Comment by adzm

3 months ago

A great example of this is changing music into an image and using that to train and generate new images that get converted back into music. It was surprisingly successful. I think this approach is still used by the current music generators.

You are talking about piano roll notation, I think. While it's 2d data, it's not quite the same as actual image data. E.g., 2d conv and pooling operations are useless for music. The patterns and dependencies are too subtle to be captured by spatial filters.

  • I am talking about using spectrograms (Fourier transform into frequency domain then plotted over time) that results in a 2d image of the song, which is then used to train something like stable diffusion (and actually using stable diffusion by some) to be able to generate these, which is then converted back into audio. Riffusion used this approach.

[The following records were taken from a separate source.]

(* Let $G$ be a graph with vertex set $V$, each vertex carrying a finite-dimensional Hilbert space, let $\alpha$ be a QCA of range $R$, let $F\subseteq V$, and let $\mathcal{P}(\alpha,F)$ be the commutant of $\mathcal{A}(\mathrm{Int}(F))$ in $\alpha(\mathcal{A}(F))$. Then $\mathcal{P}(\alpha,F)$ is a $2R$-visibly simple algebra.
   Context: For a set $S$ of sites, $\mathcal{A}(S)$ is the algebra of operators supported on $S$ (operators on $\bigotimes_{x\in S}\mathcal{H}_x$ tensored with the identity); the support of an operator is the minimal such set (scalars have empty support). A QCA of range $R$ is a $*$-automorphism $\alpha$ of the full operator algebra such that for each site $x$ and each $O$ supported on $\{x\}$, $\alpha(O)$ is supported on sites within graph distance $R$ of $x$. $\mathrm{Int}(F)=\{x: \text{all sites within distance } R \text{ of } x \text{ lie in } F\}$. An algebra $\mathcal{A}$ is $l$-visibly simple if for every $O\in\mathcal{A}$ and every site $x$ in the support of $O$ there is $P\in\mathcal{A}$ supported within distance $l$ of $x$ with $[O,P]\ne0$. *)

theory Defs
  imports Complex_Main
begin
definition sp_mult :: "spoly \<Rightarrow> spoly \<Rightarrow> spoly" where
  "sp_mult F G = (fst F * fst G, fst F * snd G + snd F * fst G)"

definition sp_dx :: "spoly \<Rightarrow> spoly" where
  "sp_dx F = (pderiv (fst F), pderiv (snd F))"

text \<open>D = partial_xi + xi partial_x\<close>
definition sp_D :: "spoly \<Rightarrow> spoly" where
  "sp_D F = (snd F, pderiv (fst F))"

text \<open>Dbar = partial_xi - xi partial_x\<close>
definition sp_Dbar :: "spoly \<Rightarrow> spoly" where
  "sp_Dbar F = (snd F, - pderiv (fst F))"

text \<open>parity automorphism: F \<mapsto> (-1)^|F| F on homogeneous F\<close>
definition sp_sigma :: "spoly \<Rightarrow> spoly" where
  "sp_sigma F = (fst F, - snd F)"

definition sp_even_part :: "spoly \<Rightarrow> spoly" where
  "sp_even_part F = (fst F, 0)"

definition sp_odd_part :: "spoly \<Rightarrow> spoly" where
  "sp_odd_part F = (0, snd F)"

text \<open>A symbol (z, q, c) stands for the formal series
  sum_n  c n \<circ> Dbar^(z - n)_(q + n).\<close>

type_synonym symb = "complex \<times> bit \<times> (nat \<Rightarrow> spoly)"

text \<open>Commutation rule: Dbar^z_q \<circ> G = sum_d (comm_coeff d z q G) \<circ> Dbar^(z-d)_(q+d).
  Derived from Dbar^z_0 = e^(i pi z/2) partial_x^(z/2), the generalized Leibniz rule,
  Dbar^z_1 = Dbar^(z-1)_0 \<circ> Dbar and Dbar \<circ> G = Dbar(G) + sigma(G) Dbar.\<close>
definition comm_coeff :: "nat \<Rightarrow> complex \<Rightarrow> bit \<Rightarrow> spoly \<Rightarrow> spoly" where
  "comm_coeff d z q G =
     (if q = 0 then
        (if even d then sp_scale ((-1) ^ (d div 2) * ((z / 2) gchoose (d div 2)))
                                  ((sp_dx ^^ (d div 2)) G)
         else (0, 0))
      else
        (if even d then sp_scale ((-1) ^ (d div 2) * (((z - 1) / 2) gchoose (d div 2)))
                                  ((sp_dx ^^ (d div 2)) (sp_sigma G))
         else sp_scale ((-1) ^ (d div 2) * (((z - 1) / 2) gchoose (d div 2)))
                                  ((sp_dx ^^ (d div 2)) (sp_Dbar G))))"

text \<open>Composition of symbols, using Dbar^z'_p' \<circ> Dbar^z_p = Dbar^(z+z')_(p+p').\<close>
definition symb_comp :: "symb \<Rightarrow> symb \<Rightarrow> symb" where
  "symb_comp A B =
     (case A of (z0, q0, a) \<Rightarrow> case B of (w0, r0, b) \<Rightarrow>
       (z0 + w0, q0 + r0,
        \<lambda>n. \<Sum>i\<le>n. \<Sum>d\<le>n - i.
              sp_mult (a i) (comm_coeff d (z0 - of_nat i) (q0 + of_nat i) (b (n - i - d)))))"

definition symb_coeff :: "symb \<Rightarrow> nat \<Rightarrow> spoly" where
  "symb_coeff A n = snd (snd A) n"

text \<open>The operator L_nu(X_F) = F partial_x + 1/2 D(F) Dbar + nu F' as a symbol,
  using partial_x = - Dbar^2_0, Dbar = Dbar^1_1, 1 = Dbar^0_0.\<close>
definition L_symb :: "complex \<Rightarrow> spoly \<Rightarrow> symb" where
  "L_symb nu F = (2, 0, \<lambda>n. if n = 0 then - F
                            else if n = 1 then sp_scale (1/2) (sp_D F)
                            else if n = 2 then sp_scale nu (sp_dx F)
                            else 0)"

text \<open>An element of Psi^{k,p}_{lambda,mu} is alpha^delta sum_j T_j Dbar^(2k-j)_(p+j);
  we store j \<mapsto> T_j.  An element of the quotient SQ^{k,p,l} is represented by its
  canonical representative with T_j = 0 for j \<ge> l.\<close>

definition SQ_carrier :: "nat \<Rightarrow> (nat \<Rightarrow> spoly) set" where
  "SQ_carrier l = {T. \<forall>j\<ge>l. T j = 0}"

text \<open>even / odd homogeneous parts: in T_j Dbar^(2k-j)_(p+j), the even part of T_j
  has parity p+j, the odd part has parity p+j+1.\<close>
definition SQ_even_part :: "bit \<Rightarrow> (nat \<Rightarrow> spoly) \<Rightarrow> (nat \<Rightarrow> spoly)" where
  "SQ_even_part p T = (\<lambda>j. if p + of_nat j = 0 then sp_even_part (T j) else sp_odd_part (T j))"

definition SQ_odd_part :: "bit \<Rightarrow> (nat \<Rightarrow> spoly) \<Rightarrow> (nat \<Rightarrow> spoly)" where
  "SQ_odd_part p T = (\<lambda>j. if p + of_nat j = 0 then sp_odd_part (T j) else sp_even_part (T j))"

definition SQ_is_even :: "bit \<Rightarrow> (nat \<Rightarrow> spoly) \<Rightarrow> bool" where
  "SQ_is_even p T \<longleftrightarrow> SQ_odd_part p T = (\<lambda>_. 0)"

definition SQ_is_odd :: "bit \<Rightarrow> (nat \<Rightarrow> spoly) \<Rightarrow> bool" where
  "SQ_is_odd p T \<longleftrightarrow> SQ_even_part p T = (\<lambda>_. 0)"
(* Let $A_n=S_n\wr \mathrm{Aut}(\mathcal{T}_d)$ with the cloning maps $\kappa_k^n$ described in the context, and let $\mathscr{T}(S_*\wr\mathrm{Aut}(\mathcal{T}_d))$ be the set of equivalence classes $[T_-,f,T_+]$ of triples described in the context, with the multiplication described there. Then $\mathscr{T}(S_*\wr\mathrm{Aut}(\mathcal{T}_d))$ is a group, and the map $[T_-,f,T_+]\mapsto ((T_-,f,T_+))$ is a well-defined group isomorphism $\mathscr{T}(S_*\wr\mathrm{Aut}(\mathcal{T}_d))\cong \mathrm{AAut}(\mathcal{T}_d)$.
   Context: Fix $d\ge 2$ and the alphabet $X=\{1,\dots,d\}$; $\mathcal{T}_d$ is the infinite rooted $d$-ary tree with vertex set the set $X^*$ of finite words (root the empty word, $u$ adjacent to $ux$ for $x\in X$), and $\partial\mathcal{T}_d$ its boundary (infinite words). Permutations act on the left, and $\sigma\tau$ means first $\tau$ then $\sigma$. For a group $G$, $S_n\wr G=S_n\ltimes G^n$ with elements written $\sigma(g_1,\dots,g_n)$ and multiplication $\sigma(f_1,\dots,f_n)\,\tau(g_1,\dots,g_n)=\sigma\tau(f_{\tau(1)}g_1,\dots,f_{\tau(n)}g_n)$. Every $f\in\mathrm{Aut}(\mathcal{T}_d)$ has a unique wreath recursion $f=\rho(f)(f_1,\dots,f_d)$, where $\rho(f)\in S_d$ and $f_x\in\mathrm{Aut}(\mathcal{T}_d)$ (the state of $f$ at $x$) satisfy $f(xw)=\rho(f)(x)\,f_x(w)$ for $x\in X$, $w\in X^*$. Almost-automorphisms: a finite rooted complete subtree of $\mathcal{T}_d$ is a finite subtree containing the root in which each vertex has either $0$ or all $d$ of its children; its leaves are ordered left to right (lexicographically). If $T_-,T_+$ are such subtrees each with $n$ leaves ($u_1,\dots,u_n$ the leaves of $T_-$, $v_1,\dots,v_n$ those of $T_+$), $\sigma\in S_n$, $f_i\in\mathrm{Aut}(\mathcal{T}_d)$, then $((T_-,\sigma(f_1,\dots,f_n),T_+))$ denotes the homeomorphism of $\partial\mathcal{T}_d$ sending $v_iw\mapsto u_{\sigma(i)}f_i(w)$. $\mathrm{AAut}(\mathcal{T}_d)$ is the group of all such homeomorphisms. Symmetric cloning maps: for $1\le k\le n$ and $\sigma\in S_n$, $(\sigma)\varsigma_k^n\in S_{n+d-1}$ is defined by: for $i<k$, $i\mapsto\sigma(i)$ if $\sigma(i)<\sigma(k)$ and $i\mapsto\sigma(i)+d-1$ if $\sigma(i)>\sigma(k)$; for $k\le i\le k+d-1$, $i\mapsto \sigma(k)+i-k$; for $i>k+d-1$, $i\mapsto\sigma(i-d+1)$ if $\sigma(i-d+1)<\sigma(k)$ and $i\mapsto \sigma(i-d+1)+d-1$ if $\sigma(i-d+1)>\sigma(k)$. For $\tau\in S_d$ let $\tau^{(k)}\in S_{n+d-1}$ be the permutation sending $k+j-1\mapsto k+\tau(j)-1$ for $1\le j\le d$ and fixing all other points. Define $\rho_n(\sigma(f_1,\dots,f_n))=\sigma$ and $\kappa_k^n:A_n\to A_{n+d-1}$ by $(\sigma(f_1,\dots,f_n))\kappa_k^n=(\sigma)\varsigma_k^n\,\rho(f_k)^{(k)}\,(f_1,\dots,f_{k-1},f_k^1,\dots,f_k^d,f_{k+1},\dots,f_n)$, where $f_k=\rho(f_k)(f_k^1,\dots,f_k^d)$ is the wreath recursion. Thompson group $\mathscr{T}(S_*\wr G)$ for $G\le\mathrm{Aut}(\mathcal{T}_d)$ with $\kappa_k^n(S_n\wr G)\subseteq S_{n+d-1}\wr G$: consider triples $(T_-,g,T_+)$ with $T_\pm$ finite rooted complete subtrees of $\mathcal{T}_d$ with the same number $n$ of leaves and $g\in S_n\wr G$. An expansion of $(T_-,g,T_+)$ is $(T_-',(g)\kappa_k^n,T_+')$ where $T_+'$ is $T_+$ with a $d$-caret (the $d$ children) added at its $k$th leaf and $T_-'$ is $T_-$ with a $d$-caret added at its $\rho_n(g)(k)$th leaf; reductions are the inverses. $[T_-,g,T_+]$ denotes the class under the equivalence relation generated by expansions. The product of two classes is computed by choosing representatives $(T_-,f,T_+)$, $(U_-,g,U_+)$ with $T_+=U_-$ (always possible by expanding) and setting $[T_-,f,T_+][U_-,g,U_+]=[T_-,fg,U_+]$. *)

theory Defs
  imports "HOL-Algebra.Group" "HOL-Combinatorics.Permutations" "HOL-Library.List_Lexorder"
begin

definition words :: "nat \<Rightarrow> nat list set" where
  "words d = {w. set w \<subseteq> {1..d}}"

definition tree_adj :: "nat list \<Rightarrow> nat list \<Rightarrow> bool" where
  "tree_adj u v \<longleftrightarrow> (\<exists>x. v = u @ [x]) \<or> (\<exists>x. u = v @ [x])"

text \<open>Automorphisms of the rooted tree T_d, represented extensionally as
  maps on all lists that are the identity outside the vertex set.\<close>
definition tree_aut :: "nat \<Rightarrow> (nat list \<Rightarrow> nat list) \<Rightarrow> bool" where
  "tree_aut d f \<longleftrightarrow> bij_betw f (words d) (words d) \<and> f [] = []
     \<and> (\<forall>u\<in>words d. \<forall>v\<in>words d. tree_adj u v \<longleftrightarrow> tree_adj (f u) (f v))
     \<and> (\<forall>w. w \<notin> words d \<longrightarrow> f w = w)"

text \<open>Wreath recursion f = rho(f) (f_1,...,f_d): f(x w) = rho(f)(x) f_x(w).\<close>
definition aut_rho :: "nat \<Rightarrow> (nat list \<Rightarrow> nat list) \<Rightarrow> nat \<Rightarrow> nat" where
  "aut_rho d f x = (if x \<in> {1..d} then hd (f [x]) else x)"

definition aut_state :: "(nat list \<Rightarrow> nat list) \<Rightarrow> nat \<Rightarrow> nat list \<Rightarrow> nat list" where
  "aut_state f x = (\<lambda>w. tl (f (x # w)))"

definition complete_subtree :: "nat \<Rightarrow> nat list set \<Rightarrow> bool" where
  "complete_subtree d T \<longleftrightarrow> finite T \<and> [] \<in> T \<and> T \<subseteq> words d
     \<and> (\<forall>u x. u @ [x] \<in> T \<longrightarrow> u \<in> T)
     \<and> (\<forall>u\<in>T. (\<forall>x\<in>{1..d}. u @ [x] \<notin> T) \<or> (\<forall>x\<in>{1..d}. u @ [x] \<in> T))"

definition leaves :: "nat \<Rightarrow> nat list set \<Rightarrow> nat list set" where
  "leaves d T = {u \<in> T. \<forall>x\<in>{1..d}. u @ [x] \<notin> T}"

definition nleaves :: "nat \<Rightarrow> nat list set \<Rightarrow> nat" where
  "nleaves d T = card (leaves d T)"

text \<open>The i-th leaf (1-based) in left-to-right = lexicographic order.\<close>
definition leaf :: "nat \<Rightarrow> nat list set \<Rightarrow> nat \<Rightarrow> nat list" where
  "leaf d T i = sorted_list_of_set (leaves d T) ! (i - 1)"

definition add_caret :: "nat \<Rightarrow> nat list set \<Rightarrow> nat list \<Rightarrow> nat list set" where
  "add_caret d T u = T \<union> {u @ [x] |x. x \<in> {1..d}}"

    • IF you think about it, a music sheet is just a graph of Fourier transform. It shows at any points of time, what frequency is present (the pitch of note), and for how long (duration of note),

      1 reply →

    • A spectrogram is lossy and not a one-to-one mapping of the waveform. Riffusion is, afaik, limited to five-second-clips. For these, structure and coherence over time isn't important and the data is strongly spatially correlated. E.g., adjacent to a blue pixel is another blue pixel. To the best of my knowledge no models synthesize whole songs from spectrograms.